Illegal Lottery or “Raffle” Crimes - Florida Statute 849.09

gambling

Many Floridians have heard of the Florida Lottery and think that because it exists, any type of lottery is allowed as well. This is where they are wrong.Florida Statute 24.102 allows a department of the State of Florida to run a lottery while Florida Statute 849.09 makes it illegal to do many things that are associated with a private lottery. This is one of those situations where if you do it, you go to jail, but if the government does it, it is “OK”.

A "lottery" is a game of chance in which smaller sums of money or things of smaller value are risked for the chance of getting money or property of greater value upon the happening of an uncertain event.

Other things that are considered lotteries are: (1) pyramid lotteries where people pay a fee to be part of a club and subsequent members fees go to the referring members, (2)chain letters lotteries, and (3)referral selling lotteries. Bingo is not a lottery and Bingo is governed under Florida Statute 849.0931; however, if one attempts to do Bingo and does not do it according to 849.0931, then it would not be considered Bingo, but a lottery. Also, a lottery is not a game promotion that is used in connection with and incidental to the sale of goods. For example, a fast food restaurant chain creating a game, where you buy a milkshake that comes in a cup with a peel-off tab, which could be worth free food or money, is not creating a lottery.

Lotteries are done by for profit organizations (the Florida Lottery is an exception) while raffles are done by non-profit organizations. Florida Statute 849.0935(2) provides an exception to the lottery prohibitions if the non-profit organization complies with Section 849.0935. A non-profit organization would be any organization which is exempt from federal income taxation pursuant to 26 U.S.C. § 501(c)(3), (4), (7), (8), (10), or (19), and which has a current determination letter from the Internal Revenue Service, and its bona fide members or officers. If an organization does not fall into the narrowly defined exception, then 849.09 applies which prohibits the lottery.

This part of this page will briefly explain some of the crimes listed under this section.

Florida Statute 849.09(1)(a)- Setting Up, Promoting, or Conducting a Lottery

The statute prohibits anyone from setting up, promoting, or conducting a lottery for money or for something of value. Mere possession of tickets or records is not enough to be charged under this part of the statute; however, possession of the tickets or records is enough for a conviction under other areas. The prosecutor has to prove that the defendant actually participated in the lottery.

To convict a defendant of this crime, the state prosecutor has to prove the defendant participated in setting up, promoting, or conducting a lottery.

Anyone convicted of this crime commits a level 1 crime under the Florida Criminal Punishment code.
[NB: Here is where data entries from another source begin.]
(* Let $\mathcal{C}\le\mathbb{F}_q^n$ be a linear code of even length $n$ with $q\neq 2$, and suppose $W_\mathcal{C}(x)=(x^2+a)^{n/2}$ for some $a\in\mathbb{R}\setminus\{0\}$. Then $a=q-1$ and $\mathcal{C}$ is monomially equivalent to $\bigoplus_{i=1}^{n/2}\langle(1,1)\rangle_{\mathbb{F}_q}$.
   Context: $W_\mathcal{C}(x)=\sum_{c\in\mathcal{C}}x^{n-\mathrm{wt}(c)}$, where $\mathrm{wt}(c)$ is the number of nonzero coordinates of $c$. Two codes in $\mathbb{F}_q^n$ are monomially equivalent if one is the image of the other under $v\mapsto DPv$ with $D$ an invertible diagonal matrix and $P$ a permutation matrix. $\bigoplus_{i=1}^{n/2}\langle(1,1)\rangle_{\mathbb{F}_q}\le\mathbb{F}_q^n$ is the code with block-diagonal generator matrix consisting of $n/2$ blocks $(1\ 1)$. *)

theory Defs
  imports "HOL-Library.Cardinality" "HOL-Computational_Algebra.Polynomial" "HOL-Combinatorics.Permutations"
begin

text \<open>Vectors of F_q^n are represented as functions nat => 'a vanishing outside {..<n}.\<close>

definition Fqn :: "nat \<Rightarrow> (nat \<Rightarrow> 'a::field) set" where
  "Fqn n = {v. \<forall>i\<ge>n. v i = 0}"

definition linear_code :: "nat \<Rightarrow> (nat \<Rightarrow> 'a::field) set \<Rightarrow> bool" where
  "linear_code n C \<longleftrightarrow> C \<subseteq> Fqn n \<and> (\<lambda>_. 0) \<in> C
     \<and> (\<forall>u\<in>C. \<forall>v\<in>C. (\<lambda>i. u i + v i) \<in> C)
     \<and> (\<forall>c. \<forall>v\<in>C. (\<lambda>i. c * v i) \<in> C)"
It is a third-degree felony, which is punishable up to 5 years in prison and a $5,000 fine.

Florida Statute 849.09(1)(b)- Disposing of Money or Property by Lottery

This charge is directed at the “movers” behind the lottery and not the “pawns” used to help conduct it. This person is a leader and not a follower.

The state prosecutor must prove beyond a reasonable doubt:

(1) The defendant disposed of money or property he had an interest in; and

(2) The money or property was disposed of by means of a lottery.

It must be proved that the defendant had an interest in or control of the money or property and he caused it to be disposed of by a lottery conducted under his authority, direction, or supervision. Mere ticket selling, keeping records, collecting tickets, or determining who the winners are is not enough to show the defendant was the real “mover” behind the lottery, but those actions can still be charged under other parts of the section.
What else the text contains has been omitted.